An der Universität Bern sind sieben Mentoringprogramme angesiedelt. Sie alle haben zum Ziel, Masterstudenten, Doktorandinnen, Postdocs und Habilitantinnen stärker in der wissenschaftlichen Community zu vernetzen, Informationen zu Themen rund um eine wissenschaftliche Karriere zu vermitteln und eine Plattform für informellen Austausch in der Peergruppe zu sein. Das VetMENT Programm richtet sich ausschliesslich an Tierärztinnen und Tierärzte. Da es in der Schweiz nur diese eine gemeinsame veterinärmedizinische Fakultät gibt, ist unser Mentoringprogramm als gemeinsames Projekt sowohl an der Universität Bern wie auch an der Universität Zürich angesiedelt. Es gibt kein weiteres vergleichbares Projekt für Veterinärmediziner und -medizinerinnen in der Schweiz.
Wie kamen Sie auf diese Idee? Und wer hat sie umgesetzt?

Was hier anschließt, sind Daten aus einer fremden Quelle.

(* For every set $P$ of $n\ge 3$ points in general position, the $\Theta_6$ graph of $P$ has at most $5n-11$ edges.
   Context: A finite point set $P$ in the plane is in general position if no line through two points of $P$ makes an angle of $0^\circ$, $60^\circ$ or $120^\circ$ with the horizontal. For a point $p$, let $A_i(p)$ ($i=1,\dots,6$) be the closed cone with apex $p$ between the rays from $p$ at angles $(i-1)\pi/3$ and $i\pi/3$ measured counter-clockwise from the positive $x$-axis. The $\Theta_6$ graph of $P$ has vertex set $P$, and for each $p\in P$ and each $i\in\{1,\dots,6\}$ with $A_i(p)\cap(P\setminus\{p\})\neq\emptyset$, it contains the edge $pq$, where $q$ is the point of $A_i(p)\cap(P\setminus\{p\})$ whose orthogonal projection onto the bisector of $A_i(p)$ is nearest to $p$ (this point is unique by general position). *)

theory Defs
  imports Complex_Main
begin

type_synonym point = "real \<times> real"

definition ray_dir :: "nat \<Rightarrow> point" where
  "ray_dir k = (cos (real k * pi / 3), sin (real k * pi / 3))"

definition bisector_dir :: "nat \<Rightarrow> point" where
  "bisector_dir i = (cos ((2 * real i - 1) * pi / 6), sin ((2 * real i - 1) * pi / 6))"

definition cone :: "nat \<Rightarrow> point \<Rightarrow> point set" where
  "cone i p = {q. \<exists>a b. a \<ge> 0 \<and> b \<ge> 0 \<and>
      q = (fst p + a * fst (ray_dir (i - 1)) + b * fst (ray_dir i),
           snd p + a * snd (ray_dir (i - 1)) + b * snd (ray_dir i))}"

definition proj_dist :: "nat \<Rightarrow> point \<Rightarrow> point \<Rightarrow> real" where
  "proj_dist i p q = (fst q - fst p) * fst (bisector_dir i) + (snd q - snd p) * snd (bisector_dir i)"

text \<open>General position: no line through two points has angle 0, 60 or 120 degrees
  with the horizontal, i.e. q - p is never parallel to ray_dir 0, 1, 2.\<close>
definition general_position :: "point set \<Rightarrow> bool" where
  "general_position P \<longleftrightarrow>
     (\<forall>p\<in>P. \<forall>q\<in>P. p \<noteq> q \<longrightarrow> (\<forall>k\<in>{0,1,2::nat}. \<forall>t::real.
        (fst q - fst p, snd q - snd p) \<noteq> (t * fst (ray_dir k), t * snd (ray_dir k))))"

definition theta6_edges :: "point set \<Rightarrow> point set set" where
  "theta6_edges P = {{p, q} | p q. p \<in> P \<and> (\<exists>i\<in>{1..6::nat}.
      q \<in> cone i p \<inter> (P - {p}) \<and>
      (\<forall>r \<in> cone i p \<inter> (P - {p}). proj_dist i p q \<le> proj_dist i p r))}"

end

theory Submission
  imports Defs
begin

text \<open>Write \<open>hex_coord k q\<close> for the cross product of \<open>q\<close> with the \<open>k\<close>-th ray direction. In
  these coordinates the cone \<open>Suc k\<close> at \<open>p\<close> is an orthant, namely the points where
  \<open>hex_coord (Suc k)\<close> is at least and \<open>hex_coord k\<close> at most its value at \<open>p\<close>, and the
  projection onto its bisector is the increase of \<open>hex_coord (k + 2) = hex_coord (Suc k) - hex_coord k\<close>.
  So a point has an outgoing arc in a cone unless it is a maximal point of \<open>P\<close> for the two
  coordinates describing that cone. The cones \<open>1, 3, 5\<close> (and likewise \<open>2, 4, 6\<close>) use three
  coordinates summing to zero, and for such a triple there are at least six maximal points in
  total; hence there are at most \<open>6 n - 12\<close> arcs. A pair realising the minimum hexagonal distance
  across a cut of \<open>P\<close> is an arc in both directions, so the mutual arcs connect \<open>P\<close> and there are
  at least \<open>n - 1\<close> of them. Each mutual pair gives a single edge, leaving at most
  \<open>6 n - 12 - (n - 1) = 5 n - 11\<close> edges.\<close>

section \<open>Maximal points\<close>

lemma ex_argmax:
  fixes f :: "'a \<Rightarrow> 'b::linorder"
  assumes "finite S" "S \<noteq> {}"
  obtains x where "x \<in> S" "\<forall>y\<in>S. f y \<le> f x"
proof -
  have "Max (f ` S) \<in> f ` S" using assms by simp
  then obtain x where "x \<in> S" "f x = Max (f ` S)" by auto
  then show thesis using that assms by simp
qed

definition maximal_points :: "'a set \<Rightarrow> ('a \<Rightarrow> 'b::linorder) \<Rightarrow> ('a \<Rightarrow> 'b) \<Rightarrow> 'a set" where
  "maximal_points P f g = {p \<in> P. \<forall>q\<in>P. q \<noteq> p \<longrightarrow> \<not> (f p \<le> f q \<and> g p \<le> g q)}"

lemma maximal_points_commute: "maximal_points P f g = maximal_points P g f"
  unfolding maximal_points_def by auto

lemma maximal_points_subset: "maximal_points P f g \<subseteq> P"
  unfolding maximal_points_def by auto

lemma argmax_in_maximal_points:
  assumes "inj_on f P" "X \<in> P" "\<forall>q\<in>P. f q \<le> f X"
  shows "X \<in> maximal_points P f g"
  unfolding maximal_points_def
proof (intro CollectI conjI ballI impI notI)
  fix q assume "q \<in> P" "q \<noteq> X" "f X \<le> f q \<and> g X \<le> g q"
  then have "f q = f X" using assms(3) by (auto intro: order_antisym)
  then show False using inj_onD [OF assms(1)] \<open>q \<in> P\<close> \<open>q \<noteq> X\<close> assms(2) by blast
qed (rule assms(2))

lemma dominated_by_maximal_point:
  assumes "finite P" "inj_on f P" "W \<in> P"
  obtains q where "q \<in> maximal_points P f g" "f W \<le> f q" "g W \<le> g q"
proof -
  let ?T = "{q \<in> P. f W \<le> f q \<and> g W \<le> g q}"
  obtain q where q: "q \<in> ?T" "\<forall>q'\<in>?T. f q' \<le> f q"
    using ex_argmax [of ?T f] assms by auto
  have "q \<in> maximal_points P f g"
    unfolding maximal_points_def
  proof (intro CollectI conjI ballI impI notI)
    fix q' assume "q' \<in> P" "q' \<noteq> q" "f q \<le> f q' \<and> g q \<le> g q'"
    then have "q' \<in> ?T" using q(1) by auto
    then have "f q' = f q" using q(2) \<open>f q \<le> f q' \<and> g q \<le> g q'\<close> by (auto intro: order_antisym)
    then show False using inj_onD [OF assms(2)] \<open>q' \<in> P\<close> \<open>q' \<noteq> q\<close> q(1) by blast
  qed (use q in simp)
  with q that show thesis by blast
qed
definition partitions_le :: "nat \<Rightarrow> nat list set" where
  "partitions_le n = {la. partition la \<and> length la \<le> n}"

definition schur_coeffs :: "nat \<Rightarrow> ipoly \<Rightarrow> nat list \<Rightarrow> int" where
  "schur_coeffs n g = (THE c. finite {la. c la \<noteq> 0} \<and>
      (\<forall>la. c la \<noteq> 0 \<longrightarrow> la \<in> partitions_le n) \<and>
      g = (\<Sum>la\<in>{la. c la \<noteq> 0}. of_int (c la) * schur n la))"

text \<open>m-adapted partitions (paper indexes parts from 1: part i+1 is lambda!i).\<close>
definition adapted :: "nat \<Rightarrow> nat list \<Rightarrow> bool" where
  "adapted m la \<longleftrightarrow> (\<forall>i<length la. int (la ! i) > int m - int (i + 1))"

definition C_op :: "nat \<Rightarrow> nat \<Rightarrow> ipoly \<Rightarrow> ipoly" where
  "C_op n m g = (\<Sum>la\<in>{la. schur_coeffs n g la \<noteq> 0 \<and> adapted m la}.
                   of_int (schur_coeffs n g la) * schur n la)"

end

theory Submission
  imports Defs
begin

text \<open>Expand g in the Schur basis, g = \<Sum> c(\<lambda>) s(\<lambda>). By Pieri's rule every s(\<mu>) occurring in
  s(\<lambda>) s(1^r) has \<mu>(i) \<le> \<lambda>(i) + 1 for all parts of \<lambda>; if such a \<mu> is (m+1)-adapted, then \<lambda> is
  m-adapted. So the (m+1)-adapted components of g s(1^r) only involve the m-adapted components of g.

  The Schur basis is handled through the bialternant formula a(\<delta>) s(\<lambda>) = a(\<lambda> + \<delta>), proved with
  Bender-Knuth involutions (symmetry of s(\<lambda>)) and a sign-reversing involution on tableaux. Since
  the monomial x^(\<mu> + \<delta>) occurs in a(\<lambda> + \<delta>) only for \<lambda> = \<mu>, Schur coefficients are unique;
  sorting the exponents in a(\<delta>) g gives the Schur expansion of a symmetric g, and the same
  computation for g = s(1^r), whose monomials are squarefree, gives Pieri's rule.\<close>

abbreviation lookup :: "('a \<Rightarrow>\<^sub>0 'b::zero) \<Rightarrow> 'a \<Rightarrow> 'b" where "lookup \<equiv> Poly_Mapping.lookup"
abbreviation single :: "'a \<Rightarrow> 'b \<Rightarrow> ('a \<Rightarrow>\<^sub>0 'b::zero)" where "single \<equiv> Poly_Mapping.single"
abbreviation map_key :: "('a \<Rightarrow> 'b) \<Rightarrow> ('b \<Rightarrow>\<^sub>0 'c::zero) \<Rightarrow> ('a \<Rightarrow>\<^sub>0 'c)" where "map_key \<equiv> Poly_Mapping.map_key"
abbreviation keys :: "('a \<Rightarrow>\<^sub>0 'b::zero) \<Rightarrow> 'a set" where "keys \<equiv> Poly_Mapping.keys"

lemma cells_iff: "(i, j) \<in> cells la \<longleftrightarrow> i < length la \<and> j < la ! i"
  by (simp add: cells_def)

lemma finite_cells: "finite (cells la)"
proof -
  have "cells la \<subseteq> {..<length la} \<times> {..<Max (set la)}"
  proof
    fix c assume "c \<in> cells la"
    then obtain i j where c: "c = (i, j)" "i < length la" "j < la ! i" by (auto simp: cells_def)
    then have m: "la ! i \<le> Max (set la)" by (intro Max_ge) auto
    have "j < Max (set la)" using c(3) m by linarith
    then show "c \<in> {..<length la} \<times> {..<Max (set la)}" using c by simp
  qed
  then show ?thesis by (rule finite_subset) auto
qed

lemma finite_cells_subset: "finite {c \<in> cells la. P c}"
  using finite_cells by simp

lemma cells_downward_closed:
  assumes "sorted_wrt (\<ge>) la" "(i, j) \<in> cells la" "i' \<le> i" "j' \<le> j"
  shows "(i', j') \<in> cells la"
proof -
  have "la ! i \<le> la ! i'"
    using assms by (cases "i' = i") (auto simp: cells_iff intro: sorted_wrt_nth_less[OF assms(1)])
  then show ?thesis using assms by (auto simp: cells_iff)
qed

lemma ssytD:
  assumes "T \<in> ssyt n la"
  shows "\<And>c. c \<in> cells la \<Longrightarrow> T c < n"
    and "\<And>c. c \<notin> cells la \<Longrightarrow> T c = 0"
    and "\<And>i j. (i, Suc j) \<in> cells la \<Longrightarrow> T (i, j) \<le> T (i, Suc j)"
    and "\<And>i j. (Suc i, j) \<in> cells la \<Longrightarrow> T (i, j) < T (Suc i, j)"
  using assms by (auto simp: ssyt_def)

lemma ssyt_row_mono:
  assumes "T \<in> ssyt n la" "(i, j') \<in> cells la" "j \<le> j'"
  shows "T (i, j) \<le> T (i, j')"
  using assms(2,3)
proof (induction j' arbitrary: j)
  case 0 then show ?case by simp
next
  case (Suc j')
  show ?case
  proof (cases "j = Suc j'")
    case False
    then have "j \<le> j'" using Suc by simp
    have c: "(i, j') \<in> cells la" using Suc.prems by (auto simp: cells_iff)
    have "T (i, j) \<le> T (i, j')" using Suc.IH[OF c \<open>j \<le> j'\<close>] .
    also have "\<dots> \<le> T (i, Suc j')" using ssytD(3)[OF assms(1) Suc.prems(1)] .
    finally show ?thesis .
  qed simp
qed

lemma ssyt_col_strict:
  assumes "T \<in> ssyt n la" "sorted_wrt (\<ge>) la" "(i', j) \<in> cells la" "i < i'"
  shows "T (i, j) < T (i', j)"
  using assms(3,4)
proof (induction i')
  case 0 then show ?case by simp
next
  case (Suc i')
  have c: "(i', j) \<in> cells la" using cells_downward_closed[OF assms(2) Suc.prems(1)] by simp
  have s: "T (i', j) < T (Suc i', j)" using ssytD(4)[OF assms(1) Suc.prems(1)] .
  show ?case
  proof (cases "i = i'")
    case False
    then have "i < i'" using Suc by simp
    with Suc.IH[OF c] s show ?thesis by simp
  qed (use s in simp)
qed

Das erste Mentoringprogramm an der Universität Bern entstand vor zirka zehn Jahren aufgrund einer Initiative von Prof. Doris Wastl-Walter und ihren Studentinnen am Geographischen Institut. Seither haben unterschiedliche Gremien mit finanzieller Unterstützung des Bundesprogramms Chancengleichheit Mentoringprogramme lanciert. 2009 wurde die Idee zu einem Mentoringprogramm für die spezifischen Bedürfnisse von Nachwuchskräften an der Vetsuisse Fakultät von den Dekanen der Fakultät, Prof. Dr. E. Meier und Prof. Dr. F. Althaus, aufgegriffen. An der Universität Zürich wurden die Oberassistentin PD Dr. Nicole Borel und an der Universität Bern Projektkoordinatorin Dr. Christine Aeschlimann beauftragt, die Idee umzusetzen. Das Programm konnte mithilfe eines externen Facilitators mit grosser Mentoringerfahrung erfolgreich umgesetzt werden.
Wie hat sich das Programm seit dem Start entwickelt?
Das Programm wurde an den beiden Standorten Bern und Zürich sehr gut aufgenommen und hat eine sehr grosse Nachfrage ausgelöst. Von 2010 bis 2011 lief der erste Durchgang mit 34 Teilnehmern. In der zweiten Runde zwischen 2012 und 2013 nahmen 23 Frauen am Programm teil. Eine Besonderheit war, dass 14 Teilnehmerinnen aus der ersten Runde auch nach Abschluss des Programms ihre Tandem-Beziehung zu ihren Mentoren und Mentorinnen offiziell weiterführten und weiterhin regelmässig zu den Rahmenveranstaltungen kamen.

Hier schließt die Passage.